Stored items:
------------

lemma qpoch_divide_Suc_Suc:
  assumes "P \<noteq> 0"
  shows "qpoch (x / P) P (Suc (Suc r)) = (1 - x / P) * qpoch x P r * (1 - x * P ^ r)"
proof -
  have "qpoch (x / P) P (Suc (Suc r)) = (1 - x / P) * qpoch (x / P * P) P (Suc r)"
    by (rule qpoch_Suc_shift)
  also have "x / P * P = x"
    using assms by simp
  finally show ?thesis
    by (simp only: qpoch_Suc[of x P r] mult.assoc)
qed

lemma qpoch_eq_0_iff: "qpoch x P k = 0 \<longleftrightarrow> (\<exists>i<k. x * P ^ i = 1)"
  by (auto simp: qpoch_def)

lemma qpoch_inverse:
  assumes "y \<noteq> 0" "P \<noteq> 0"
  shows "qpoch (inverse y) P m = (-1) ^ m * inverse y ^ m * P ^ (\<Sum>i<m. i) * qpoch (y * P / P ^ m) P m"
proof (induction m)
  case (Suc m)
  have "1 - inverse y * P ^ m = - (inverse y * P ^ m) * (1 - y / P ^ m)"
    using assms by (simp add: field_simps)
  moreover have "qpoch (y * P / P ^ Suc m) P (Suc m) = (1 - y / P ^ m) * qpoch (y * P / P ^ m) P m"
    using assms by (simp add: qpoch_Suc_shift field_simps)
  ultimately show ?case
    using Suc.IH by (simp add: qpoch_Suc power_add mult_ac)
qed simp

definition qcv_term :: "complex \<Rightarrow> complex \<Rightarrow> complex \<Rightarrow> nat \<Rightarrow> nat \<Rightarrow> complex" where
  "qcv_term q b c N k = qpoch (inverse q ^ N) q k * qpoch b q k / (qpoch q q k * qpoch c q k) * q ^ k"

lemma qcv_term_0 [simp]: "qcv_term q b c N 0 = 1"
  by (simp add: qcv_term_def)

lemma qcv_term_beyond:
  assumes "q \<noteq> 0" "N < k"
  shows "qcv_term q b c N k = 0"
  using assms by (auto simp: qcv_term_def qpoch_eq_0_iff power_mult_distrib[symmetric])

lemma qcv_term_Suc:
  "qcv_term q b c N (Suc k)
    = qcv_term q b c N k
      * ((1 - inverse q ^ N * q ^ k) * (1 - b * q ^ k) * q / ((1 - q * q ^ k) * (1 - c * q ^ k)))"
  unfolding qcv_term_def qpoch_Suc by (simp add: divide_inverse inverse_mult_distrib mult_ac)

lemma qcv_term_Suc_Suc:
  assumes "q \<noteq> 0" "q * q ^ k \<noteq> 1"
  shows "qcv_term q b c (Suc N) (Suc k)
    = qcv_term q b c N (Suc k) - inverse q ^ N * (1 - b) / (1 - c) * qcv_term q (b * q) (c * q) N k"
proof -
  define t where "t = inverse q"
  have tq: "t * q = 1" using assms by (simp add: t_def)
  define R where "R = qpoch (t ^ N) q k * (1 - b) * qpoch (b * q) q k * q ^ k
    / (qpoch q q k * (1 - c) * qpoch (c * q) q k)"
  have "t ^ Suc N * q = t ^ N" using tq by (simp add: mult_ac)
  then have "qpoch (t ^ Suc N) q (Suc k) = (1 - t ^ Suc N) * qpoch (t ^ N) q k"
    by (simp only: qpoch_Suc_shift)
  then have L: "qcv_term q b c (Suc N) (Suc k) = R * ((1 - t ^ Suc N) * q / (1 - q * q ^ k))"
    unfolding qcv_term_def t_def[symmetric] R_def
    by (simp add: qpoch_Suc_shift[of b] qpoch_Suc_shift[of c]
        qpoch_Suc[of q] divide_inverse inverse_mult_distrib mult_ac)
  have M: "qcv_term q b c N (Suc k) = R * ((1 - t ^ N * q ^ k) * q / (1 - q * q ^ k))"
    unfolding qcv_term_def t_def[symmetric] R_def
    by (simp add: qpoch_Suc[of "t ^ N"] qpoch_Suc_shift[of b] qpoch_Suc_shift[of c]
        qpoch_Suc[of q] divide_inverse inverse_mult_distrib mult_ac)
  have T: "t ^ N * (1 - b) / (1 - c) * qcv_term q (b * q) (c * q) N k = R * t ^ N"
    unfolding qcv_term_def t_def[symmetric] R_def by (simp add: divide_inverse inverse_mult_distrib mult_ac)
  have "(1 - t ^ Suc N) * q = (1 - t ^ N * q ^ k) * q - t ^ N * (1 - q * q ^ k)"
    using tq by (simp add: algebra_simps)
  then have "(1 - t ^ Suc N) * q / (1 - q * q ^ k) = (1 - t ^ N * q ^ k) * q / (1 - q * q ^ k) - t ^ N"
    using assms(2) by (simp add: field_simps)
  then have "qcv_term q b c (Suc N) (Suc k)
      = qcv_term q b c N (Suc k) - t ^ N * (1 - b) / (1 - c) * qcv_term q (b * q) (c * q) N k"
    unfolding L M T by (simp only: right_diff_distrib)
  then show ?thesis by (simp only: t_def)
qed

lemma qcv_sum_Suc:
  assumes "q \<noteq> 0" "\<And>k. 1 \<le> k \<Longrightarrow> k \<le> Suc N \<Longrightarrow> q ^ k \<noteq> 1"
  shows "(\<Sum>k\<le>Suc N. qcv_term q b c (Suc N) k)
    = (\<Sum>k\<le>N. qcv_term q b c N k)
      - inverse q ^ N * (1 - b) / (1 - c) * (\<Sum>k\<le>N. qcv_term q (b * q) (c * q) N k)"
proof -
  have step: "qcv_term q b c (Suc N) (Suc k)
      = qcv_term q b c N (Suc k) - inverse q ^ N * (1 - b) / (1 - c) * qcv_term q (b * q) (c * q) N k"
    if "k \<le> N" for k
    using assms(2)[of "Suc k"] that by (intro qcv_term_Suc_Suc[OF assms(1)]) auto
  have "(\<Sum>k\<le>Suc N. qcv_term q b c (Suc N) k) = 1 + (\<Sum>k\<le>N. qcv_term q b c (Suc N) (Suc k))"
    by (simp only: sum.atMost_Suc_shift qcv_term_0)
  also have "\<dots> = 1 + (\<Sum>k\<le>N. qcv_term q b c N (Suc k))
      - inverse q ^ N * (1 - b) / (1 - c) * (\<Sum>k\<le>N. qcv_term q (b * q) (c * q) N k)"
    by (simp add: step sum_subtractf sum_distrib_left)
  also have "1 + (\<Sum>k\<le>N. qcv_term q b c N (Suc k)) = (\<Sum>k\<le>Suc N. qcv_term q b c N k)"
    by (simp only: sum.atMost_Suc_shift qcv_term_0)
  also have "\<dots> = (\<Sum>k\<le>N. qcv_term q b c N k)"
    using assms(1) by (simp add: qcv_term_beyond)
  finally show ?thesis .
qed

text \<open>The product on the right is b^N (c/b; q)_N.\<close>
theorem q_chu_vandermonde:
  assumes "q \<noteq> 0" "\<And>k. 1 \<le> k \<Longrightarrow> k \<le> N \<Longrightarrow> q ^ k \<noteq> 1" "\<And>i. i < N \<Longrightarrow> c * q ^ i \<noteq> 1"
  shows "(\<Sum>k\<le>N. qcv_term q b c N k) = (\<Prod>i<N. b - c * q ^ i) / qpoch c q N"
  using assms(2,3)
proof (induction N arbitrary: b c)
  case (Suc N)
  define Pr where "Pr = (\<Prod>i<N. b - c * q ^ i)"
  have IH: "(\<Sum>k\<le>N. qcv_term q b c N k) = Pr / qpoch c q N"
    using Suc by (simp add: Pr_def)
  have "(\<Prod>i<N. b * q - c * q * q ^ i) = (\<Prod>i<N. q * (b - c * q ^ i))"
    by (simp add: algebra_simps)
  then have IH': "(\<Sum>k\<le>N. qcv_term q (b * q) (c * q) N k) = q ^ N * Pr / qpoch (c * q) q N"
    using Suc.prems(1) Suc.prems(2)[of "Suc i" for i] Suc.IH[of "c * q" "b * q"]
    by (simp add: prod.distrib Pr_def mult.assoc)
  have c1: "1 - c \<noteq> 0" and cN: "1 - c * q ^ N \<noteq> 0" and QN: "qpoch c q N \<noteq> 0"
    using Suc.prems(2) by (fastforce simp: qpoch_eq_0_iff)+
  have shift: "qpoch (c * q) q N = qpoch c q N * (1 - c * q ^ N) / (1 - c)"
    using qpoch_Suc[of c q N] qpoch_Suc_shift[of c q N] c1 by (simp add: field_simps)
  have "inverse q ^ N * q ^ N = 1"
    using assms(1) by (simp add: power_mult_distrib[symmetric])
  moreover have "inverse q ^ N * (1 - b) / (1 - c) * (q ^ N * Pr / qpoch (c * q) q N)
      = (inverse q ^ N * q ^ N) * ((1 - b) * Pr / (qpoch c q N * (1 - c * q ^ N))) * ((1 - c) / (1 - c))"
    by (simp add: shift divide_inverse inverse_mult_distrib mult_ac)
  ultimately have "inverse q ^ N * (1 - b) / (1 - c) * (q ^ N * Pr / qpoch (c * q) q N)
      = (1 - b) * Pr / (qpoch c q N * (1 - c * q ^ N))"
    using c1 by simp
  then have "(\<Sum>k\<le>Suc N. qcv_term q b c (Suc N) k)
      = Pr / qpoch c q N - (1 - b) * Pr / (qpoch c q N * (1 - c * q ^ N))"
    by (simp only: qcv_sum_Suc[OF assms(1) Suc.prems(1)] IH IH')
  also have "\<dots> = Pr * (b - c * q ^ N) / (qpoch c q N * (1 - c * q ^ N))"
    using cN QN by (simp add: field_simps)
  finally show ?case by (simp add: qpoch_Suc Pr_def)
qed simp

section \<open>The coefficients of b_n\<close>

lemma sum_atMost_Suc_Suc_shift:
  "(\<Sum>j\<le>Suc (Suc n). f j) = f 0 + f 1 + (\<Sum>k\<le>n. f (Suc (Suc k)))"
  by (simp only: sum.atMost_Suc_shift One_nat_def add.assoc)

text \<open>
  The three-term recurrence of G_n (lemma gcoeff_recurrence) divided by G_n(r), in the variables
  X = P^n and Y = P^r.
\<close>
lemma gcoeff_step_identity:
  fixes a b s X Y P :: complex
  defines "k3 \<equiv> 1 - a * b * X\<^sup>2 * P ^ 3" and "k4 \<equiv> 1 - a * b * X\<^sup>2 * P ^ 4"
    and "k5 \<equiv> 1 - a * b * X\<^sup>2 * P ^ 5" and "k6 \<equiv> 1 - a * b * X\<^sup>2 * P ^ 6"
  assumes P: "P = s\<^sup>2" and a: "a \<noteq> 0" and Y: "1 - Y * P \<noteq> 0" "1 - Y * P\<^sup>2 \<noteq> 0"
    and k: "k3 \<noteq> 0" "k4 \<noteq> 0" "k5 \<noteq> 0" "k6 \<noteq> 0"
  shows "P\<^sup>2 * (1 - b * X * P\<^sup>2) * (1 - b * X * P ^ 3) * (1 + a * X * P\<^sup>2) * (1 + a * X * P ^ 3)
        * (Y - a * b * X\<^sup>2 * P ^ 3) * (Y - a * b * X\<^sup>2 * P ^ 4)
        / ((1 - Y * P) * (1 - Y * P\<^sup>2) * k3 * k4 * k5 * k6)
    = P\<^sup>2 * (Y - b * X * P) * (Y + a * X * P) * (1 - b * X * P\<^sup>2) * (1 + a * X * P\<^sup>2)
        / ((1 - Y * P) * (1 - Y * P\<^sup>2) * k3 * k4)
      + (1 - b / a) * (1 + a * b * X\<^sup>2 * P ^ 5) / (k4 * k6) * a * s ^ 3 * (X * P)
        * (- s * (1 - b * X * P\<^sup>2) * (1 + a * X * P\<^sup>2) * (Y - a * b * X\<^sup>2 * P ^ 3) / ((1 - Y * P) * k3 * k4))
      + (1 - a\<^sup>2 * X\<^sup>2 * P ^ 4) * (1 - b\<^sup>2 * X\<^sup>2 * P ^ 4) * a * b * X\<^sup>2 * P ^ 4 / (k3 * k4\<^sup>2 * k5)"
    (is "?R3 = ?R2 + ?c * ?R1 + ?d")
proof -
  define N where "N = P\<^sup>2 / ((1 - Y * P) * (1 - Y * P\<^sup>2) * k3 * k4\<^sup>2 * k5 * k6)"
  define B A where "B = (1 - b * X * P\<^sup>2) * (1 + a * X * P\<^sup>2)" and "A = Y - a * b * X\<^sup>2 * P ^ 3"
  have "?R3 = N * (B * (1 - b * X * P ^ 3) * (1 + a * X * P ^ 3) * A * (Y - a * b * X\<^sup>2 * P ^ 4) * k4)"
    unfolding N_def A_def B_def using Y k by (simp add: frac_eq_eq power2_eq_square mult_ac)
  moreover have "?R2 = N * ((Y - b * X * P) * (Y + a * X * P) * B * k4 * k5 * k6)"
    unfolding N_def B_def using Y k by (simp add: frac_eq_eq power2_eq_square mult_ac)
  moreover have "?c * ?R1 = N * ((b - a) * (1 + a * b * X\<^sup>2 * P ^ 5) * X * P * A * B * (1 - Y * P\<^sup>2) * k5)"
  proof -
    have ab: "- ((1 - b / a) * a) = b - a" and s4: "s ^ 3 * s = P\<^sup>2"
      using a P by (simp_all add: field_simps power2_eq_square power3_eq_cube)
    have "?c * ?R1 = (- ((1 - b / a) * a)) * (s ^ 3 * s) * (X * P) * (1 + a * b * X\<^sup>2 * P ^ 5) * (B * A)
        / (k4 * k6 * ((1 - Y * P) * k3 * k4))"
      unfolding A_def B_def by (simp add: mult_ac)
    also have "\<dots> = (b - a) * P\<^sup>2 * (X * P) * (1 + a * b * X\<^sup>2 * P ^ 5) * (B * A)
        / (k4 * k6 * ((1 - Y * P) * k3 * k4))"
      unfolding ab s4 ..
    also have "\<dots> = N * ((b - a) * (1 + a * b * X\<^sup>2 * P ^ 5) * X * P * A * B * (1 - Y * P\<^sup>2) * k5)"
      unfolding N_def using Y k by (simp add: frac_eq_eq power2_eq_square mult_ac)
    finally show ?thesis .
  qed
  moreover have "?d = N * ((1 - a\<^sup>2 * X\<^sup>2 * P ^ 4) * (1 - b\<^sup>2 * X\<^sup>2 * P ^ 4) * a * b * X\<^sup>2 * P\<^sup>2
      * (1 - Y * P) * (1 - Y * P\<^sup>2) * k6)"
    unfolding N_def using Y k by (simp add: frac_eq_eq power2_eq_square power4_eq_xxxx mult_ac)
  moreover have "B * (1 - b * X * P ^ 3) * (1 + a * X * P ^ 3) * A * (Y - a * b * X\<^sup>2 * P ^ 4) * k4
    = (Y - b * X * P) * (Y + a * X * P) * B * k4 * k5 * k6
      + (b - a) * (1 + a * b * X\<^sup>2 * P ^ 5) * X * P * A * B * (1 - Y * P\<^sup>2) * k5
      + (1 - a\<^sup>2 * X\<^sup>2 * P ^ 4) * (1 - b\<^sup>2 * X\<^sup>2 * P ^ 4) * a * b * X\<^sup>2 * P\<^sup>2 * (1 - Y * P) * (1 - Y * P\<^sup>2) * k6"
    unfolding A_def B_def k3_def k4_def k5_def k6_def by algebra
  ultimately show ?thesis
    by (simp add: distrib_left)
qed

------------

THE TASK:
Go through the entries above, and wherever a line holds the word "text", copy that line.

ANSWER TO THE PROBLEM:
text \<open>The product on the right is b^N (c/b; q)_N.\<close>
text \<open>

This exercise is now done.